● **EXERCISE BRIEF**: Please repeat each entry. Match every word exactly.

DATASET RECORDS START

lemma first_msg_in_set: "first_msg p L = Some m \<Longrightarrow> (p, m) \<in> set L"
  by (auto dest: first_msg_find find_SomeD)

lemma first_msg_None: "first_msg p L = None \<Longrightarrow> (p, m) \<notin> set L"
  unfolding first_msg_def by (auto simp: find_None_iff)

lemma execution_sched:
  assumes "\<And>i. sg i \<le> n"
  shows "execution n init stp a
           (sched_config stp sg (\<lambda>i. init (i, a i))) (sched_event stp sg (\<lambda>i. init (i, a i)))"
  using assms
  by (auto simp: execution_def sched_config_def sched_event_def Let_def consume_def mset_remove1
      split: option.split dest: first_msg_in_set)

lemma consume_first_msg:
  fixes M :: "(nat \<times> 'm) list"
  assumes "(q, m) \<in> set L" "first_msg p L \<noteq> Some m \<or> q \<noteq> p"
  defines "L' \<equiv> consume p (first_msg p L) L @ M"
  shows "(q, m) \<in> set L'" and "list_pos (q, m) L' \<le> list_pos (q, m) L"
    and "p = q \<Longrightarrow> list_pos (q, m) L' < list_pos (q, m) L"
proof -
  have "(q, m) \<in> set L' \<and> list_pos (q, m) L' \<le> list_pos (q, m) L \<and>
        (p = q \<longrightarrow> list_pos (q, m) L' < list_pos (q, m) L)"
  proof (cases "first_msg p L")
    case None
    with assms(1) have "q \<noteq> p" using first_msg_None by metis
    with None assms(1) show ?thesis by (simp add: L'_def consume_def list_pos_append)
  next
    case (Some m')
    with assms(2) have other: "(p, m') \<noteq> (q, m)" by auto
    then have kept: "(q, m) \<in> set (remove1 (p, m') L)"
      and "list_pos (q, m) (remove1 (p, m') L) \<le> list_pos (q, m) L"
      using list_pos_remove1[OF assms(1) other] by auto
    moreover have "p = q \<Longrightarrow> list_pos (q, m) (remove1 (p, m') L) < list_pos (q, m) L"
      using list_pos_remove1_find[OF first_msg_find[OF Some]] other assms(1) by simp
    moreover have "L' = remove1 (p, m') L @ M"
      using Some by (simp add: L'_def consume_def)
    ultimately show ?thesis
      by (auto simp: list_pos_append)
  qed
  then show "(q, m) \<in> set L'" "list_pos (q, m) L' \<le> list_pos (q, m) L"
    "p = q \<Longrightarrow> list_pos (q, m) L' < list_pos (q, m) L"
    by auto
qed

DATASET RECORDS END

● **THE COMPLETED TASK**:
lemma first_msg_in_set: "first_msg p L = Some m \<Longrightarrow> (p, m) \<in> set L"
  by (auto dest: first_msg_find find_SomeD)

lemma first_msg_None: "first_msg p L = None \<Longrightarrow> (p, m) \<notin> set L"
  unfolding first_msg_def by (auto simp: find_None_iff)

lemma execution_sched:
  assumes "\<And>i. sg i \<le> n"
  shows "execution n init stp a
           (sched_config stp sg (\<lambda>i. init (i, a i))) (sched_event stp sg (\<lambda>i. init (i, a i)))"
  using assms
  by (auto simp: execution_def sched_config_def sched_event_def Let_def consume_def mset_remove1
      split: option.split dest: first_msg_in_set)

lemma consume_first_msg:
  fixes M :: "(nat \<times> 'm) list"
  assumes "(q, m) \<in> set L" "first_msg p L \<noteq> Some m \<or> q \<noteq> p"
  defines "L' \<equiv> consume p (first_msg p L) L @ M"
  shows "(q, m) \<in> set L'" and "list_pos (q, m) L' \<le> list_pos (q, m) L"
    and "p = q \<Longrightarrow> list_pos (q, m) L' < list_pos (q, m) L"
proof -
  have "(q, m) \<in> set L' \<and> list_pos (q, m) L' \<le> list_pos (q, m) L \<and>
        (p = q \<longrightarrow> list_pos (q, m) L' < list_pos (q, m) L)"
  proof (cases "first_msg p L")
    case None
    with assms(1) have "q \<noteq> p" using first_msg_None by metis
    with None assms(1) show ?thesis by (simp add: L'_def consume_def list_pos_append)
  next
    case (Some m')
    with assms(2) have other: "(p, m') \<noteq> (q, m)" by auto
    then have kept: "(q, m) \<in> set (remove1 (p, m') L)"
      and "list_pos (q, m) (remove1 (p, m') L) \<le> list_pos (q, m) L"
      using list_pos_remove1[OF assms(1) other] by auto
    moreover have "p = q \<Longrightarrow> list_pos (q, m) (remove1 (p, m') L) < list_pos (q, m) L"
      using list_pos_remove1_find[OF first_msg_find[OF Some]] other assms(1) by simp
    moreover have "L' = remove1 (p, m') L @ M"
      using Some by (simp add: L'_def consume_def)
    ultimately show ?thesis
      by (auto simp: list_pos_append)
  qed
  then show "(q, m) \<in> set L'" "list_pos (q, m) L' \<le> list_pos (q, m) L"
    "p = q \<Longrightarrow> list_pos (q, m) L' < list_pos (q, m) L"
    by auto
qed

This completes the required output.